El rito de la muerte en Tehuantepec

Javier CRUZ

TEHUANTEPEC, OAX.- Cada tehuano sabe el rito que tendrá su muerte. Como en ninguna sociedad del país, los zapotecas del Istmo sienten la muerte tan cercana que los rituales fúnebres se expanden por todo un año.

Morirse en esta ciudad dicen que tiene su encanto: “En Tehuantepec es un honor morirse porque después viene el confortamiento de los deudos con los amigos, vecinos, con el pueblo que asiste y coopera con ese dolor”, señaló Rómulo Jiménez, cronista de la ciudad.

El rito funerario principal se concentra en los primeros nueve días del fallecimiento. El velorio, el sepelio y el novenario conjugan el misticismo por la tradición gastronómica y musical que envuelve a la muerte.

“Para el zapoteco de Tehuantepec la muerte es esperada que hasta se prepara con anticipación la partida. Las mujeres deciden qué traje usar, pegan el holán a sus enaguas y lo dejan guardado en el baúl. Es más, le dicen a sus hijos dónde quieren que le velen y qué música le deben tocar durante su funeral”, sostuvo el historiador Mario Mecott.

Los ancestros de  esta ciudad veían a la muerte con resignación y respeto. El miedo más bien iba dirigido al “Dxibi guetu” o “espanto de muerto”, que consistía en sentir la presencia de un ente cuando te tocan los pies, te mueven la hamaca, azotan la puerta o te da “un mal aire”.
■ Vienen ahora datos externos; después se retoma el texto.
lemma tendsto_exp_inv_div_power: "(exp_inv_div_power m \<longlongrightarrow> 0) (at 0)"
proof (rule filterlim_split_at)
  show "(exp_inv_div_power m \<longlongrightarrow> 0) (at_left 0)"
    by (rule tendsto_eventually)
      (auto simp: exp_inv_div_power_def eventually_at_left_field intro: exI[of _ "-1"])
  have "((\<lambda>w. exp (- 1 / w) / w ^ (m + 1)) \<longlongrightarrow> 0) (at_right (0::real))"
    by real_asymp
  then show "(exp_inv_div_power m \<longlongrightarrow> 0) (at_right 0)"
    by (rule Lim_transform_eventually)
      (auto simp: exp_inv_div_power_def eventually_at_right_field intro: exI[of _ "1"])
qed

lemma exp_bump_term_deriv_pos:
  assumes "poly Q s > 0"
  shows "(exp_bump_term Q P m has_real_derivative
           exp_bump_term Q (exp_bump_deriv_poly Q P m) (m + 2) s) (at s)"
proof -
  let ?F = "\<lambda>y. poly P y / poly Q y ^ m * exp (- 1 / poly Q y)"
  have "(?F has_real_derivative exp_bump_term Q (exp_bump_deriv_poly Q P m) (m + 2) s) (at s)"
    using assms
    apply (simp add: exp_bump_term_def exp_bump_deriv_poly_def)
    apply (rule derivative_eq_intros refl | simp)+
    apply (cases m)
     apply (simp_all add: field_simps power2_eq_square)
    done
  then show ?thesis
    by (rule has_field_derivative_transform_within_open[of _ _ _ "{y. poly Q y > 0}"])
      (use assms in \<open>auto simp: exp_bump_term_def intro!: open_Collect_less continuous_intros\<close>)
qed

lemma exp_bump_term_deriv_neg:
  assumes "poly Q s < 0"
  shows "(exp_bump_term Q P m has_real_derivative exp_bump_term Q P' m' s) (at s)"
proof -
  have "(exp_bump_term Q P m has_real_derivative 0) (at s)"
    by (rule has_field_derivative_transform_within_open[of "\<lambda>_. 0" _ _ "{y. poly Q y < 0}"])
      (use assms in \<open>auto simp: exp_bump_term_def intro!: open_Collect_less continuous_intros\<close>)
  then show ?thesis
    using assms by (simp add: exp_bump_term_def)
qed

lemma eventually_abs_poly_div_le:
  fixes Q :: "real poly"
  assumes "poly Q s = 0"
  shows "eventually (\<lambda>y. \<bar>poly Q y\<bar> / \<bar>y - s\<bar> \<le> \<bar>poly (pderiv Q) s\<bar> + 1) (at s)"
proof -
  have "((\<lambda>y. (poly Q y - poly Q s) / (y - s)) \<longlongrightarrow> poly (pderiv Q) s) (at s)"
    using poly_DERIV[of Q s] by (simp add: has_field_derivative_iff)
  then have "eventually (\<lambda>y. dist ((poly Q y - poly Q s) / (y - s)) (poly (pderiv Q) s) < 1) (at s)"
    by (rule tendstoD) simp
  then show ?thesis
  proof eventually_elim
    case (elim y)
    then have "\<bar>poly Q y / (y - s) - poly (pderiv Q) s\<bar> < 1"
      by (simp add: dist_real_def assms)
    then show ?case
      unfolding abs_divide[symmetric] by linarith
  qed
qed

lemma eventually_abs_poly_le:
  fixes P :: "real poly"
  shows "eventually (\<lambda>y. \<bar>poly P y\<bar> \<le> \<bar>poly P s\<bar> + 1) (at s)"
proof -
  have "eventually (\<lambda>y. dist (poly P y) (poly P s) < 1) (at s)"
    by (rule tendstoD[OF isCont_tendsto_compose[OF poly_isCont tendsto_ident_at]]) simp
  then show ?thesis
    by eventually_elim (auto simp: dist_real_def)
qed

lemma exp_bump_term_diff_quotient_bound:
  assumes "poly Q s = 0"
  obtains C where "C \<ge> 0"
    "eventually (\<lambda>y. \<bar>exp_bump_term Q P m y / (y - s)\<bar> \<le> C * exp_inv_div_power m (poly Q y)) (at s)"
proof -
  define K where "K = \<bar>poly (pderiv Q) s\<bar> + 1"
  define M where "M = \<bar>poly P s\<bar> + 1"
  have evK: "eventually (\<lambda>y. \<bar>poly Q y\<bar> / \<bar>y - s\<bar> \<le> K) (at s)"
    unfolding K_def using assms by (rule eventually_abs_poly_div_le)
  have evM: "eventually (\<lambda>y. \<bar>poly P y\<bar> \<le> M) (at s)"
    unfolding M_def by (rule eventually_abs_poly_le)
  have "eventually (\<lambda>y. y \<noteq> s) (at s)"
    by (simp add: eventually_at_filter)
  with evK evM
  have "eventually (\<lambda>y. \<bar>exp_bump_term Q P m y / (y - s)\<bar> \<le> M * K * exp_inv_div_power m (poly Q y)) (at s)"
  proof eventually_elim
    case (elim y)
    show ?case
    proof (cases "poly Q y > 0")
      case False
      then show ?thesis
        by (simp add: exp_bump_term_def exp_inv_div_power_def)
    next
      case True
      define w where "w = poly Q y"
      have w: "w > 0" and ys: "\<bar>y - s\<bar> > 0"
        using True elim by (auto simp: w_def)
      have inv: "1 / \<bar>y - s\<bar> \<le> K / w"
        using elim(1) w ys by (simp add: w_def field_simps)
      have "\<bar>exp_bump_term Q P m y / (y - s)\<bar> = \<bar>poly P y\<bar> * (exp (- 1 / w) / w ^ m) * (1 / \<bar>y - s\<bar>)"
        using w by (simp add: exp_bump_term_def w_def abs_divide abs_mult)
      also have "\<dots> \<le> M * (exp (- 1 / w) / w ^ m) * (K / w)"
        by (intro mult_mono inv elim(2)) (use w in \<open>auto simp: K_def M_def\<close>)
      also have "\<dots> = M * K * exp_inv_div_power m (poly Q y)"
        using w by (simp add: exp_inv_div_power_def w_def[symmetric] field_simps)
      finally show ?thesis .
    qed
  qed
  then show thesis
    by (rule that[rotated]) (simp add: M_def K_def)
qed

lemma exp_bump_term_deriv_zero:
  assumes "poly Q s = 0"
  shows "(exp_bump_term Q P m has_real_derivative exp_bump_term Q P' m' s) (at s)"
proof -
  obtain C where "C \<ge> 0" and bound:
    "eventually (\<lambda>y. \<bar>exp_bump_term Q P m y / (y - s)\<bar> \<le> C * exp_inv_div_power m (poly Q y)) (at s)"
    using exp_bump_term_diff_quotient_bound[OF assms] .
  have "isCont (exp_inv_div_power m) 0"
    using tendsto_exp_inv_div_power by (simp add: isCont_def exp_inv_div_power_def)
  moreover have "((\<lambda>y. poly Q y) \<longlongrightarrow> 0) (at s)"
    using assms by (metis isCont_def poly_isCont)
  ultimately have "((\<lambda>y. exp_inv_div_power m (poly Q y)) \<longlongrightarrow> exp_inv_div_power m 0) (at s)"
    by (rule isCont_tendsto_compose)
  then have "((\<lambda>y. C * exp_inv_div_power m (poly Q y)) \<longlongrightarrow> 0) (at s)"
    by (intro tendsto_mult_right_zero) (simp add: exp_inv_div_power_def)
  with bound have "((\<lambda>y. exp_bump_term Q P m y / (y - s)) \<longlongrightarrow> 0) (at s)"
    unfolding real_norm_def[symmetric] by (rule Lim_null_comparison)
  moreover have "exp_bump_term Q P m s = 0" "exp_bump_term Q P' m' s = 0"
    using assms by (auto simp: exp_bump_term_def)
  ultimately show ?thesis
    by (simp add: has_field_derivative_iff)
qed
“Eso es lo que ya no se usa, es más, ahora es al revés. Le tenemos miedo a morirnos y no al espanto de muerto”, dijo Mario Mecott.

La muerte hasta nuestros días sigue siendo una muestra de hermandad y colectividad en la ayuda económica y moral para los deudos.

Las limosnas y los enceres dados en el velorio como el aceite, las flores y las velas son parte de la mutualidad que aún persiste pese al paso del tiempo.

La solidaridad con los familiares del difunto por desgracia está cambiando, asegura Mecott, y eso se debe al ritmo de vida de la modernidad, pues como ejemplo está el compromiso que ahora se adquiere sólo por “cumplir” y dejar la cooperación económica que acompañar al doliente, y es que nuestras actividades nos limitan el tiempo.

La muerte tiene su precio

Sólo para los nueve días del fallecimiento de una persona se llegan a gastar más de 50 mil pesos por todos los ritos costumbristas de Tehuantepec.

Los egresos más fuertes se concentran en la comida como el tamal y el atole de leche que se reparte en los Nueve Días cuyo gasto asciende a 3 mil pesos en promedio.

También la música de viento (4 mil pesos), las flores del altar (2 mil pesos), el ataúd (3, 500 pesos el más económico) y las velas de cera (mil pesos) concentran un elevado gasto para los familiares.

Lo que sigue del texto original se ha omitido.